After a copper boom during World War I, Corbould faced a number of challenges including falling commodity prices, strikes, and the exhaustion of rich surface orebodies. By 1918 Mount Elliott Ltd was unprofitable, which Corbould attributed in part to labour troubles. In an interview with The North Queensland Register he claimed that the Australian Workers' Union (AWU) had been infiltrated by "Wobblies" and "Bolshie-Joes" attempting to cripple the mining industry. He was widely rumoured to have lobbied the federal government for the deportation of strike leader Paul Freeman, although both he and the government denied this.

===Mount Isa===
In 1924, Corbould floated Mount Isa Mines Ltd (MIM) in Sydney.

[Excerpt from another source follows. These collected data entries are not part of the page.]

definition rho :: real where "rho = \<bar>mu\<bar> powr (1 / real K)"

lemma rho_bounds: "0 < rho" "rho < 1"
proof -
  show "0 < rho" unfolding rho_def using mu_bounds by simp
  have "\<bar>mu\<bar> powr (1 / real K) < 1 powr (1 / real K)"
    by (rule powr_less_mono2) (use K1 mu_bounds in auto)
  then show "rho < 1" unfolding rho_def by simp
qed

lemma rho_powr_pos [simp]: "0 < rho powr x"
  using rho_bounds by simp

lemma rho_powr_antimono: "x \<le> y \<Longrightarrow> rho powr y \<le> rho powr x"
  using rho_bounds by (intro powr_mono') auto

lemma rho_pow: "rho powr x = \<bar>mu\<bar> powr (x / real K)"
  unfolding rho_def powr_powr by simp

definition W0 :: real where "W0 = wronskian um up 0"

lemma W0_const: "wronskian um up n = W0"
  unfolding W0_def by (rule wronskian_const[OF um_solution up_solution])

lemma W0_nonzero: "W0 \<noteq> 0"
proof
  assume W: "W0 = 0"
  define l where "l = um 0 / up 0"
  have "um (-1) * up 0 = um 0 * up (-1)" using W unfolding W0_def wronskian_def by simp
  then have e: "um (-1) = l * up (-1)" unfolding l_def using up_nonzero[of 0] by (simp add: field_simps)
  have "um k = l * up k + 0 * up k" for k
    by (rule solution_eqI[OF um_solution solution_lincomb[OF up_solution up_solution], where m="-1"])
       (use e up_nonzero[of 0] in \<open>auto simp: l_def\<close>)
  then have ul: "um k = l * up k" for k by simp
  have "(1/mu) * um 0 = um (0 + int K)" using um_shift[of 0] by simp
  also have "\<dots> = l * (mu * up 0)" using ul[of "0 + int K"] up_shift[of 0] by simp
  also have "\<dots> = mu * um 0" using ul[of 0] by simp
  finally have "(1/mu) * um 0 = mu * um 0" .
  then have "1/mu = mu" using um_nonzero[of 0] by (metis mult_right_cancel)
  then have "mu * mu = 1" using mu_nonzero by (simp add: field_simps)
  moreover have "\<bar>mu\<bar> * \<bar>mu\<bar> < 1 * 1" using mu_bounds by (intro mult_strict_mono) auto
  ultimately show False by (simp add: abs_mult[symmetric])
qed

He had been invited to tour the field, assessing the ore bodies discovered by John Campbell Miles as similar to those at Broken Hill. He was appointed director and general manager of the new company, supervising the exploratory work and raising capital. Corbould played a key role in consolidating MIM's ground, engineering the acquisition of Randolph Bedford's Mount Isa Proprietary Ltd. He also convinced the state government to extend the Great Northern Railway from Duchess to service the mine. He resigned from the company in 1927 but lived to see it pay its first dividend in 1947.

==Personal life==
In 1896, Corbould married Una Robina Dodds, with whom he had four children – two daughters, one of whom died in infancy, and twin sons. He was widowed in 1948 and died in Nice, France, on 16 March 1949, aged 82. His son Ted Corbould was a prominent pastoralist and philanthropist.